A microdiversity study of anammox bacteria reveals a novel Candidatus Scalindua phylotype in marine oxygen minimum zones.

The anaerobic oxidation of ammonium (anammox) contributes significantly to the global loss of fixed nitrogen and is carried out by a deep branching monophyletic group of bacteria within the phylum Planctomycetes. Various studies have implicated anammox to be the most important process responsible for the nitrogen loss in the marine oxygen minimum zones (OMZs) with a low diversity of marine anammox bacteria. This comprehensive study investigated the anammox bacteria in the suboxic zone of the Black Sea and in three major OMZs (off Namibia, Peru and in the Arabian Sea). The diversity and population composition of anammox bacteria were investigated by both, the 16S rRNA gene sequences and the 16S-23S rRNA internal transcribed spacer (ITS).

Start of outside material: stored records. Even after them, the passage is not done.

(* Let $s\ge2$ groups of positive integer moduli be given: Group $j$ ($1\le j\le s$) consists of $L_j\ge1$ moduli $0<M_{j,1}<\dots<M_{j,L_j}$; put $\delta_j=\operatorname{lcm}(M_{j,1},\dots,M_{j,L_j})$, assumed pairwise distinct. Let $T_1,\dots,T_k$ ($k\ge2$) be nonempty subsets of $\{1,\dots,s\}$ whose union is $\{1,\dots,s\}$ (the second-stage groups), let $\xi_t=\operatorname{lcm}\{\delta_j:j\in T_t\}$, assumed pairwise distinct. Let $N$ be an integer with $0\le N<\operatorname{lcm}(\delta_1,\dots,\delta_s)$, let $r_{j,i}$ be the remainder of $N$ modulo $M_{j,i}$ and $n_{j,i}=(N-r_{j,i})/M_{j,i}$. Define $G_j=\max_{i}\min_{q\ne i}\gcd(M_{j,i},M_{j,q})/4$ if $L_j\ge2$ and $G_j=M_{j,1}/4$ if $L_j=1$; $\Upsilon_t=\max_{a\in T_t}\min_{b\in T_t,b\ne a}\gcd(\delta_a,\delta_b)/4$ if $|T_t|\ge2$ and $\Upsilon_t=\delta_a/4$ if $T_t=\{a\}$; and $\Upsilon=\max_{1\le i\le k}\min_{q\ne i}\gcd(\xi_i,\xi_q)/4$. Let $\tilde r_{j,i}$ be integers with $0\le\tilde r_{j,i}\le M_{j,i}-1$ and $|\tilde r_{j,i}-r_{j,i}|\le\tau_j$ for all $i,j$, where $$\tau_j<\min\Big(G_j,\ \min\{\Upsilon_t: j\in T_t\},\ \Upsilon\Big)\quad(1\le j\le s).$$ Then the three-stage algorithm (described in the context) outputs $\hat n_{j,i}=n_{j,i}$ for all $i,j$, and its estimate $\hat N=\left[\frac1{\sum_jL_j}\sum_{j=1}^s\sum_{i=1}^{L_j}(\hat n_{j,i}M_{j,i}+\tilde r_{j,i})\right]$ satisfies $|\hat N-N|\le\left[\frac{\sum_{j=1}^sL_j\tau_j}{\sum_{j=1}^sL_j}\right]$.
   Context: For $x\in\mathbb R$, $[x]$ denotes the unique integer with $-1/2\le x-[x]<1/2$. Single-stage algorithm $\mathcal A$: for pairwise distinct positive integers $P_1,\dots,P_m$ ($m\ge2$), a reference index $k$ and integers $x_1,\dots,x_m$: for $i\ne k$ put $m_{ki}=\gcd(P_k,P_i)$, $\Gamma_{ki}=P_k/m_{ki}$, $\Gamma_{ik}=P_i/m_{ki}$, $\hat q_{ik}=[(x_i-x_k)/m_{ki}]$, let $\bar\Gamma_{ki}$ be an inverse of $\Gamma_{ki}$ modulo $\Gamma_{ik}$ and $\hat\xi_{ik}\equiv\hat q_{ik}\bar\Gamma_{ki}\pmod{\Gamma_{ik}}$, $0\le\hat\xi_{ik}<\Gamma_{ik}$; let $\hat n_k$ be the least nonnegative $y$ with $y\equiv\hat\xi_{ik}\pmod{\Gamma_{ik}}$ for all $i\ne k$ (the algorithm fails if none exists), and $\hat n_i=(\hat n_k\Gamma_{ki}-\hat q_{ik})/\Gamma_{ik}$ for $i\ne k$. In each use below the reference index is one attaining the relevant max-min of pairwise gcds. Three-stage algorithm: Stage 1: for each $j$, if $L_j\ge2$ apply $\mathcal A$ to $M_{j,1},\dots,M_{j,L_j}$ with inputs $\tilde r_{j,i}$, obtaining $\hat K_{j,i}$; if $L_j=1$ set $\hat K_{j,1}=0$; put $\hat N_j=[\frac1{L_j}\sum_i(\hat K_{j,i}M_{j,i}+\tilde r_{j,i})]$. Stage 2: for each $t$, if $|T_t|\ge2$ apply $\mathcal A$ to the moduli $(\delta_j)_{j\in T_t}$ with inputs $(\hat N_j)_{j\in T_t}$, obtaining $\hat H_{t,j}$ ($j\in T_t$); if $|T_t|=1$ set $\hat H_{t,j}=0$; put $\hat P_t=[\frac1{|T_t|}\sum_{j\in T_t}(\hat H_{t,j}\delta_j+\hat N_j)]$. Stage 3: apply $\mathcal A$ to $\xi_1,\dots,\xi_k$ with inputs $\hat P_1,\dots,\hat P_k$, obtaining $\hat l_1,\dots,\hat l_k$. Output, for each $j$ and a $t$ with $j\in T_t$, $\hat n_{j,i}=\hat l_t\xi_t/M_{j,i}+\hat H_{t,j}\delta_j/M_{j,i}+\hat K_{j,i}$. *)

theory Defs
  imports "HOL-Number_Theory.Number_Theory"
begin

text \<open>Rounding: [x] is the unique integer with -1/2 <= x - [x] < 1/2.\<close>
definition rnd :: "real \<Rightarrow> int" where
  "rnd x = \<lfloor>x + 1/2\<rfloor>"

definition maxmin_gcd :: "'a set \<Rightarrow> ('a \<Rightarrow> int) \<Rightarrow> int" where
  "maxmin_gcd I P = Max ((\<lambda>a. Min ((\<lambda>b. gcd (P a) (P b)) ` (I - {a}))) ` I)"

definition ref_ok :: "'a set \<Rightarrow> ('a \<Rightarrow> int) \<Rightarrow> 'a \<Rightarrow> bool" where
  "ref_ok I P k \<longleftrightarrow> k \<in> I \<and> Min ((\<lambda>b. gcd (P k) (P b)) ` (I - {k})) = maxmin_gcd I P"

text \<open>Single-stage algorithm A on index set I, moduli P, inputs x, reference index k.
  None means the algorithm fails.\<close>
definition algA :: "'a set \<Rightarrow> ('a \<Rightarrow> int) \<Rightarrow> ('a \<Rightarrow> int) \<Rightarrow> 'a \<Rightarrow> ('a \<Rightarrow> int) option" where
  "algA I P x k =
    (let m = (\<lambda>i. gcd (P k) (P i));
         Gki = (\<lambda>i. P k div m i);
         Gik = (\<lambda>i. P i div m i);
         q = (\<lambda>i. rnd (of_int (x i - x k) / of_int (m i)));
         binv = (\<lambda>i. SOME y. [Gki i * y = 1] (mod Gik i));
         xi = (\<lambda>i. (q i * binv i) mod Gik i);
         good = (\<lambda>y::nat. \<forall>i\<in>I - {k}. [int y = xi i] (mod Gik i))
     in if (\<exists>y. good y) then
          (let nk = int (LEAST y. good y)
           in Some (\<lambda>i. if i = k then nk else (nk * Gki i - q i) div Gik i))
        else None)"

definition delta :: "(nat \<Rightarrow> nat) \<Rightarrow> (nat \<Rightarrow> nat \<Rightarrow> int) \<Rightarrow> nat \<Rightarrow> int" where
  "delta L M j = Lcm (M j ` {1..L j})"

definition xi :: "(nat \<Rightarrow> nat) \<Rightarrow> (nat \<Rightarrow> nat \<Rightarrow> int) \<Rightarrow> (nat \<Rightarrow> nat set) \<Rightarrow> nat \<Rightarrow> int" where
  "xi L M T t = Lcm (delta L M ` T t)"

definition stage1 :: "(nat \<Rightarrow> nat) \<Rightarrow> (nat \<Rightarrow> nat \<Rightarrow> int) \<Rightarrow> (nat \<Rightarrow> nat \<Rightarrow> int)
    \<Rightarrow> (nat \<Rightarrow> nat) \<Rightarrow> nat \<Rightarrow> (nat \<Rightarrow> int) option" where
  "stage1 L M rt k1 j =
     (if L j \<ge> 2 then algA {1..L j} (M j) (rt j) (k1 j) else Some (\<lambda>_. 0))"

definition Khat :: "(nat \<Rightarrow> nat) \<Rightarrow> (nat \<Rightarrow> nat \<Rightarrow> int) \<Rightarrow> (nat \<Rightarrow> nat \<Rightarrow> int)
    \<Rightarrow> (nat \<Rightarrow> nat) \<Rightarrow> nat \<Rightarrow> nat \<Rightarrow> int" where
  "Khat L M rt k1 j = the (stage1 L M rt k1 j)"

definition Nhat :: "(nat \<Rightarrow> nat) \<Rightarrow> (nat \<Rightarrow> nat \<Rightarrow> int) \<Rightarrow> (nat \<Rightarrow> nat \<Rightarrow> int)
    \<Rightarrow> (nat \<Rightarrow> nat) \<Rightarrow> nat \<Rightarrow> int" where
  "Nhat L M rt k1 j =
     rnd ((\<Sum>i=1..L j. real_of_int (Khat L M rt k1 j i * M j i + rt j i)) / real (L j))"

definition stage2 :: "(nat \<Rightarrow> nat) \<Rightarrow> (nat \<Rightarrow> nat \<Rightarrow> int) \<Rightarrow> (nat \<Rightarrow> nat \<Rightarrow> int)
    \<Rightarrow> (nat \<Rightarrow> nat) \<Rightarrow> (nat \<Rightarrow> nat set) \<Rightarrow> (nat \<Rightarrow> nat) \<Rightarrow> nat \<Rightarrow> (nat \<Rightarrow> int) option" where
  "stage2 L M rt k1 T k2 t =
     (if card (T t) \<ge> 2 then algA (T t) (delta L M) (Nhat L M rt k1) (k2 t) else Some (\<lambda>_. 0))"

definition Hhat :: "(nat \<Rightarrow> nat) \<Rightarrow> (nat \<Rightarrow> nat \<Rightarrow> int) \<Rightarrow> (nat \<Rightarrow> nat \<Rightarrow> int)
    \<Rightarrow> (nat \<Rightarrow> nat) \<Rightarrow> (nat \<Rightarrow> nat set) \<Rightarrow> (nat \<Rightarrow> nat) \<Rightarrow> nat \<Rightarrow> nat \<Rightarrow> int" where
  "Hhat L M rt k1 T k2 t = the (stage2 L M rt k1 T k2 t)"

definition Phat :: "(nat \<Rightarrow> nat) \<Rightarrow> (nat \<Rightarrow> nat \<Rightarrow> int) \<Rightarrow> (nat \<Rightarrow> nat \<Rightarrow> int)
    \<Rightarrow> (nat \<Rightarrow> nat) \<Rightarrow> (nat \<Rightarrow> nat set) \<Rightarrow> (nat \<Rightarrow> nat) \<Rightarrow> nat \<Rightarrow> int" where
  "Phat L M rt k1 T k2 t =
     rnd ((\<Sum>j\<in>T t. real_of_int (Hhat L M rt k1 T k2 t j * delta L M j + Nhat L M rt k1 j))
          / real (card (T t)))"

text \<open>Stage 3 (K = number k of second-stage groups).\<close>
definition stage3 :: "(nat \<Rightarrow> nat) \<Rightarrow> (nat \<Rightarrow> nat \<Rightarrow> int) \<Rightarrow> (nat \<Rightarrow> nat \<Rightarrow> int)
    \<Rightarrow> (nat \<Rightarrow> nat) \<Rightarrow> nat \<Rightarrow> (nat \<Rightarrow> nat set) \<Rightarrow> (nat \<Rightarrow> nat) \<Rightarrow> nat \<Rightarrow> (nat \<Rightarrow> int) option" where
  "stage3 L M rt k1 K T k2 k3 = algA {1..K} (xi L M T) (Phat L M rt k1 T k2) k3"

definition three_stage_succeeds :: "nat \<Rightarrow> (nat \<Rightarrow> nat) \<Rightarrow> (nat \<Rightarrow> nat \<Rightarrow> int) \<Rightarrow> (nat \<Rightarrow> nat \<Rightarrow> int)
    \<Rightarrow> (nat \<Rightarrow> nat) \<Rightarrow> nat \<Rightarrow> (nat \<Rightarrow> nat set) \<Rightarrow> (nat \<Rightarrow> nat) \<Rightarrow> nat \<Rightarrow> bool" where
  "three_stage_succeeds s L M rt k1 K T k2 k3 \<longleftrightarrow>
     (\<forall>j\<in>{1..s}. stage1 L M rt k1 j \<noteq> None) \<and>
     (\<forall>t\<in>{1..K}. stage2 L M rt k1 T k2 t \<noteq> None) \<and>
     stage3 L M rt k1 K T k2 k3 \<noteq> None"

text \<open>Output nhat_{j,i} computed via second-stage group t (with j in T_t).
  The quotients xi_t/M_{j,i} and delta_j/M_{j,i} are exact integers.\<close>
definition nhat :: "(nat \<Rightarrow> nat) \<Rightarrow> (nat \<Rightarrow> nat \<Rightarrow> int) \<Rightarrow> (nat \<Rightarrow> nat \<Rightarrow> int)
    \<Rightarrow> (nat \<Rightarrow> nat) \<Rightarrow> nat \<Rightarrow> (nat \<Rightarrow> nat set) \<Rightarrow> (nat \<Rightarrow> nat) \<Rightarrow> nat
    \<Rightarrow> nat \<Rightarrow> nat \<Rightarrow> nat \<Rightarrow> int" where
  "nhat L M rt k1 K T k2 k3 t j i =
     the (stage3 L M rt k1 K T k2 k3) t * (xi L M T t div M j i)
     + Hhat L M rt k1 T k2 t j * (delta L M j div M j i)
     + Khat L M rt k1 j i"

text \<open>Final estimate of N, using for each j the group tsel j containing j.\<close>
definition Nest :: "nat \<Rightarrow> (nat \<Rightarrow> nat) \<Rightarrow> (nat \<Rightarrow> nat \<Rightarrow> int) \<Rightarrow> (nat \<Rightarrow> nat \<Rightarrow> int)
    \<Rightarrow> (nat \<Rightarrow> nat) \<Rightarrow> nat \<Rightarrow> (nat \<Rightarrow> nat set) \<Rightarrow> (nat \<Rightarrow> nat) \<Rightarrow> nat \<Rightarrow> (nat \<Rightarrow> nat) \<Rightarrow> int" where
  "Nest s L M rt k1 K T k2 k3 tsel =
     rnd ((\<Sum>j=1..s. \<Sum>i=1..L j.
            real_of_int (nhat L M rt k1 K T k2 k3 (tsel j) j i * M j i + rt j i))
          / real (\<Sum>j=1..s. L j))"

Our results showed that the anammox bacterial sequences of the investigated samples were all closely related to the Candidatus Scalindua genus. However, a greater microdiversity of marine anammox bacteria than previously assumed was observed. Both phylogenetic markers supported the classification of all sequences in two distinct anammox bacterial phylotypes: Candidatus Scalindua clades 1 and 2. Scalindua 1 could be further divided into four distinct clusters, all comprised of sequences from either the Namibian or the Peruvian OMZ. Scalindua 2 consisted of sequences from the Arabian Sea and the Peruvian OMZ and included one previously published 16S rRNA gene sequence from Lake Tanganyika and one from South China Sea sediment (97.9-99.4% sequence identity). This cluster showed only <or= 97% sequence identity to other known Candidatus Scalindua species. Based on 16S rRNA gene and ITS sequences we propose that the anammox bacteria of Scalindua clade 2 represent a novel anammox bacterial species, for which the name Candidatus Scalindua arabica is proposed. As sequences of this new cluster were found in the Arabian Sea, the Peruvian OMZ, in Lake Tanganyika and in South China sediment, we assume a global distribution of Candidatus Scalindua arabica as it is observed for Candidatus Scalindua sorokinii/brodae (or Scalindua clade 1).